**The problem:** Return the records in full, with every character preserved.

Source data:
<<<<

lemma card_components_Diff_forest:
  assumes "finite D" "D \<subseteq> T" "is_forest en T" "edges_within W en D" "finite W"
  shows "card (components W en (T - D)) = card (components W en T) + card D"
  using assms
proof (induct D rule: finite_induct)
  case (insert d D)
  then obtain a b where ab: "en d = {a, b}" "a \<in> W" "b \<in> W" by (auto simp: edges_within_def)
  have "(a, b) \<notin> (erel en (T - {d}))\<^sup>*"
    using insert(5) ab(1) insert(4) unfolding is_forest_def by auto
  moreover have "(erel en (T - insert d D))\<^sup>* \<subseteq> (erel en (T - {d}))\<^sup>*"
    by (intro rtrancl_mono erel_mono) auto
  ultimately have "(a, b) \<notin> (erel en (T - insert d D))\<^sup>*" by blast
  then have "card (components W en (T - insert d D)) =
      card (components W en (insert d (T - insert d D))) + 1"
    using card_components_insert[of W en d a b "T - insert d D", OF \<open>finite W\<close> ab] by simp
  moreover have "insert d (T - insert d D) = T - D" using insert by auto
  ultimately have "card (components W en (T - insert d D)) = card (components W en (T - D)) + 1"
    by simp
  then show ?case using insert by (simp add: edges_within_def)
qed simp

lemma card_components_Diff_spanning_tree:
  assumes T: "spanning_tree W en Es T" "finite T" "edges_within W en T" and W: "finite W" "W \<noteq> {}"
  shows "card (components W en (T - D)) = card (T \<inter> D) + 1"
proof -
  have T': "connected_via W en T" "is_forest en T" using T(1) by (auto simp: spanning_tree_def)
  have "T - D = T - (T \<inter> D)" by blast
  then show ?thesis
    using card_components_Diff_forest[of "T \<inter> D" T en W] T(2,3) T'(2) W(1)
      components_eq_singleton[OF T'(1) W(2)]
    by (simp add: edges_within_mono)
qed

lemma card_le_Suc_length_spanning_tree:
  assumes "spanning_tree W en Es (set es)" "distinct es" "edges_within W en (set es)"
    and W: "finite W" "W \<noteq> {}"
  shows "card W \<le> length es + 1"
proof -
  have "components W en (set es) = {W}"
    using assms(1) W(2) by (simp add: spanning_tree_def components_eq_singleton)
  then show ?thesis
    using card_le_card_components_add_card[OF _ W(1) assms(3)] distinct_card[OF assms(2)] by simp
qed

section \<open>The counter process\<close>

lemma ctr_Suc_Xsel: "ctr L R (Suc j) A = ctr L R j A + (if A \<in> Xsel L R j then 1 else 0)"
  by (simp add: Xsel_def Let_def)

lemma ctr_eq_card_Xsel: "ctr L R n A = card {j. j < n \<and> A \<in> Xsel L R j}"
proof (induct n)
  case (Suc n)
  have "{j. j < Suc n \<and> A \<in> Xsel L R j} =
      {j. j < n \<and> A \<in> Xsel L R j} \<union> (if A \<in> Xsel L R n then {n} else {})"
    by (auto simp: less_Suc_eq)
  then show ?case using Suc by (simp del: ctr.simps add: ctr_Suc_Xsel)
qed simp

definition merges_components ::
    "('e \<Rightarrow> 'a set) \<Rightarrow> 'a set \<Rightarrow> 'e list \<Rightarrow> (nat \<Rightarrow> 'a set) \<Rightarrow> (nat \<Rightarrow> 'a set) \<Rightarrow> bool" where
  "merges_components en W es L R \<longleftrightarrow> (\<forall>j < length es. \<exists>a b.
     en (es ! j) = {a, b} \<and> a \<in> W \<and> b \<in> W \<and> (a, b) \<notin> (erel en (set (take j es)))\<^sup>* \<and>
     L j = conn_comp en (set (take j es)) W a \<and> R j = conn_comp en (set (take j es)) W b)"

lemma merges_components_if_forest:
  assumes es: "distinct es" "is_forest en (set es)" and W: "edges_within W en (set es)"
    and LR: "\<forall>j < length es. \<exists>a b. en (es ! j) = {a, b} \<and>
       L j = conn_comp en (set (take j es)) W a \<and> R j = conn_comp en (set (take j es)) W b"
  shows "merges_components en W es L R"
  unfolding merges_components_def
proof (intro allI impI)
  fix j assume j: "j < length es"
  with LR obtain a b where ab: "en (es ! j) = {a, b}"
    "L j = conn_comp en (set (take j es)) W a" "R j = conn_comp en (set (take j es)) W b"
    by blast
  have ej: "es ! j \<in> set es" using j by simp
  then obtain a' b' where "en (es ! j) = {a', b'}" "a' \<in> W" "b' \<in> W"
    using W unfolding edges_within_def by blast
  then have "a \<in> W" "b \<in> W" using ab(1) by (auto simp: doubleton_eq_iff)
  have "distinct (take j es @ [es ! j])"
    using es(1) j by (metis distinct_take take_Suc_conv_app_nth)
  then have "set (take j es) \<subseteq> set es - {es ! j}" using set_take_subset by fastforce
  then have "(erel en (set (take j es)))\<^sup>* \<subseteq> (erel en (set es - {es ! j}))\<^sup>*"
    by (intro rtrancl_mono erel_mono)
  moreover have "(a, b) \<notin> (erel en (set es - {es ! j}))\<^sup>*"
    using es(2) ej ab(1) unfolding is_forest_def by blast
  ultimately have "(a, b) \<notin> (erel en (set (take j es)))\<^sup>*" by blast
  with ab \<open>a \<in> W\<close> \<open>b \<in> W\<close> show "\<exists>a b. en (es ! j) = {a, b} \<and> a \<in> W \<and> b \<in> W \<and>
      (a, b) \<notin> (erel en (set (take j es)))\<^sup>* \<and>
      L j = conn_comp en (set (take j es)) W a \<and> R j = conn_comp en (set (take j es)) W b"
    by blast
qed

lemma merges_components_Xsel_subset:
  assumes "merges_components en W es L R" "j < length es"
  shows "Xsel L R j \<subseteq> W"
proof -
  obtain a b where "L j = conn_comp en (set (take j es)) W a" "R j = conn_comp en (set (take j es)) W b"
    using assms unfolding merges_components_def by blast
  then show ?thesis by (simp add: Xsel_def Let_def conn_comp_subset)
qed

lemma two_pow_Suc_le_card_Un:
  fixes k :: "'a \<Rightarrow> nat"
  assumes fin: "finite P" "finite Q" and disj: "P \<inter> Q = {}" and "Q \<noteq> {}"
    and P: "\<forall>A\<in>P. 2 ^ k A \<le> card P" and Q: "\<forall>B\<in>Q. 2 ^ k B \<le> card Q"
    and A: "A \<in> P" and Max: "Max (k ` P) \<le> Max (k ` Q)"
  shows "2 ^ Suc (k A) \<le> card (P \<union> Q)"
proof -
  have "Max (k ` Q) \<in> k ` Q" using fin(2) \<open>Q \<noteq> {}\<close> by (intro Max_in) auto
  then obtain B where B: "B \<in> Q" "k B = Max (k ` Q)" by auto
  have "k A \<le> Max (k ` P)" using fin(1) A by simp
  then have "k A \<le> k B" using Max B(2) by linarith
  then have "(2::nat) ^ k A \<le> 2 ^ k B" by (simp add: power_increasing)
  moreover have "2 ^ k A \<le> card P" "2 ^ k B \<le> card Q" using P Q A B(1) by auto
  ultimately have "2 ^ Suc (k A) \<le> card P + card Q" by (simp only: power_Suc)
  also have "\<dots> = card (P \<union> Q)" using card_Un_disjoint[OF fin disj] by simp
  finally show ?thesis .
qed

>>>>

**Reply:**
lemma card_components_Diff_forest:
  assumes "finite D" "D \<subseteq> T" "is_forest en T" "edges_within W en D" "finite W"
  shows "card (components W en (T - D)) = card (components W en T) + card D"
  using assms
proof (induct D rule: finite_induct)
  case (insert d D)
  then obtain a b where ab: "en d = {a, b}" "a \<in> W" "b \<in> W" by (auto simp: edges_within_def)
  have "(a, b) \<notin> (erel en (T - {d}))\<^sup>*"
    using insert(5) ab(1) insert(4) unfolding is_forest_def by auto
  moreover have "(erel en (T - insert d D))\<^sup>* \<subseteq> (erel en (T - {d}))\<^sup>*"
    by (intro rtrancl_mono erel_mono) auto
  ultimately have "(a, b) \<notin> (erel en (T - insert d D))\<^sup>*" by blast
  then have "card (components W en (T - insert d D)) =
      card (components W en (insert d (T - insert d D))) + 1"
    using card_components_insert[of W en d a b "T - insert d D", OF \<open>finite W\<close> ab] by simp
  moreover have "insert d (T - insert d D) = T - D" using insert by auto
  ultimately have "card (components W en (T - insert d D)) = card (components W en (T - D)) + 1"
    by simp
  then show ?case using insert by (simp add: edges_within_def)
qed simp

lemma card_components_Diff_spanning_tree:
  assumes T: "spanning_tree W en Es T" "finite T" "edges_within W en T" and W: "finite W" "W \<noteq> {}"
  shows "card (components W en (T - D)) = card (T \<inter> D) + 1"
proof -
  have T': "connected_via W en T" "is_forest en T" using T(1) by (auto simp: spanning_tree_def)
  have "T - D = T - (T \<inter> D)" by blast
  then show ?thesis
    using card_components_Diff_forest[of "T \<inter> D" T en W] T(2,3) T'(2) W(1)
      components_eq_singleton[OF T'(1) W(2)]
    by (simp add: edges_within_mono)
qed

lemma card_le_Suc_length_spanning_tree:
  assumes "spanning_tree W en Es (set es)" "distinct es" "edges_within W en (set es)"
    and W: "finite W" "W \<noteq> {}"
  shows "card W \<le> length es + 1"
proof -
  have "components W en (set es) = {W}"
    using assms(1) W(2) by (simp add: spanning_tree_def components_eq_singleton)
  then show ?thesis
    using card_le_card_components_add_card[OF _ W(1) assms(3)] distinct_card[OF assms(2)] by simp
qed

section \<open>The counter process\<close>

lemma ctr_Suc_Xsel: "ctr L R (Suc j) A = ctr L R j A + (if A \<in> Xsel L R j then 1 else 0)"
  by (simp add: Xsel_def Let_def)

lemma ctr_eq_card_Xsel: "ctr L R n A = card {j. j < n \<and> A \<in> Xsel L R j}"
proof (induct n)
  case (Suc n)
  have "{j. j < Suc n \<and> A \<in> Xsel L R j} =
      {j. j < n \<and> A \<in> Xsel L R j} \<union> (if A \<in> Xsel L R n then {n} else {})"
    by (auto simp: less_Suc_eq)
  then show ?case using Suc by (simp del: ctr.simps add: ctr_Suc_Xsel)
qed simp

definition merges_components ::
    "('e \<Rightarrow> 'a set) \<Rightarrow> 'a set \<Rightarrow> 'e list \<Rightarrow> (nat \<Rightarrow> 'a set) \<Rightarrow> (nat \<Rightarrow> 'a set) \<Rightarrow> bool" where
  "merges_components en W es L R \<longleftrightarrow> (\<forall>j < length es. \<exists>a b.
     en (es ! j) = {a, b} \<and> a \<in> W \<and> b \<in> W \<and> (a, b) \<notin> (erel en (set (take j es)))\<^sup>* \<and>
     L j = conn_comp en (set (take j es)) W a \<and> R j = conn_comp en (set (take j es)) W b)"

lemma merges_components_if_forest:
  assumes es: "distinct es" "is_forest en (set es)" and W: "edges_within W en (set es)"
    and LR: "\<forall>j < length es. \<exists>a b. en (es ! j) = {a, b} \<and>
       L j = conn_comp en (set (take j es)) W a \<and> R j = conn_comp en (set (take j es)) W b"
  shows "merges_components en W es L R"
  unfolding merges_components_def
proof (intro allI impI)
  fix j assume j: "j < length es"
  with LR obtain a b where ab: "en (es ! j) = {a, b}"
    "L j = conn_comp en (set (take j es)) W a" "R j = conn_comp en (set (take j es)) W b"
    by blast
  have ej: "es ! j \<in> set es" using j by simp
  then obtain a' b' where "en (es ! j) = {a', b'}" "a' \<in> W" "b' \<in> W"
    using W unfolding edges_within_def by blast
  then have "a \<in> W" "b \<in> W" using ab(1) by (auto simp: doubleton_eq_iff)
  have "distinct (take j es @ [es ! j])"
    using es(1) j by (metis distinct_take take_Suc_conv_app_nth)
  then have "set (take j es) \<subseteq> set es - {es ! j}" using set_take_subset by fastforce
  then have "(erel en (set (take j es)))\<^sup>* \<subseteq> (erel en (set es - {es ! j}))\<^sup>*"
    by (intro rtrancl_mono erel_mono)
  moreover have "(a, b) \<notin> (erel en (set es - {es ! j}))\<^sup>*"
    using es(2) ej ab(1) unfolding is_forest_def by blast
  ultimately have "(a, b) \<notin> (erel en (set (take j es)))\<^sup>*" by blast
  with ab \<open>a \<in> W\<close> \<open>b \<in> W\<close> show "\<exists>a b. en (es ! j) = {a, b} \<and> a \<in> W \<and> b \<in> W \<and>
      (a, b) \<notin> (erel en (set (take j es)))\<^sup>* \<and>
      L j = conn_comp en (set (take j es)) W a \<and> R j = conn_comp en (set (take j es)) W b"
    by blast
qed

lemma merges_components_Xsel_subset:
  assumes "merges_components en W es L R" "j < length es"
  shows "Xsel L R j \<subseteq> W"
proof -
  obtain a b where "L j = conn_comp en (set (take j es)) W a" "R j = conn_comp en (set (take j es)) W b"
    using assms unfolding merges_components_def by blast
  then show ?thesis by (simp add: Xsel_def Let_def conn_comp_subset)
qed

lemma two_pow_Suc_le_card_Un:
  fixes k :: "'a \<Rightarrow> nat"
  assumes fin: "finite P" "finite Q" and disj: "P \<inter> Q = {}" and "Q \<noteq> {}"
    and P: "\<forall>A\<in>P. 2 ^ k A \<le> card P" and Q: "\<forall>B\<in>Q. 2 ^ k B \<le> card Q"
    and A: "A \<in> P" and Max: "Max (k ` P) \<le> Max (k ` Q)"
  shows "2 ^ Suc (k A) \<le> card (P \<union> Q)"
proof -
  have "Max (k ` Q) \<in> k ` Q" using fin(2) \<open>Q \<noteq> {}\<close> by (intro Max_in) auto
  then obtain B where B: "B \<in> Q" "k B = Max (k ` Q)" by auto
  have "k A \<le> Max (k ` P)" using fin(1) A by simp
  then have "k A \<le> k B" using Max B(2) by linarith
  then have "(2::nat) ^ k A \<le> 2 ^ k B" by (simp add: power_increasing)
  moreover have "2 ^ k A \<le> card P" "2 ^ k B \<le> card Q" using P Q A B(1) by auto
  ultimately have "2 ^ Suc (k A) \<le> card P + card Q" by (simp only: power_Suc)
  also have "\<dots> = card (P \<union> Q)" using card_Un_disjoint[OF fin disj] by simp
  finally show ?thesis .
qed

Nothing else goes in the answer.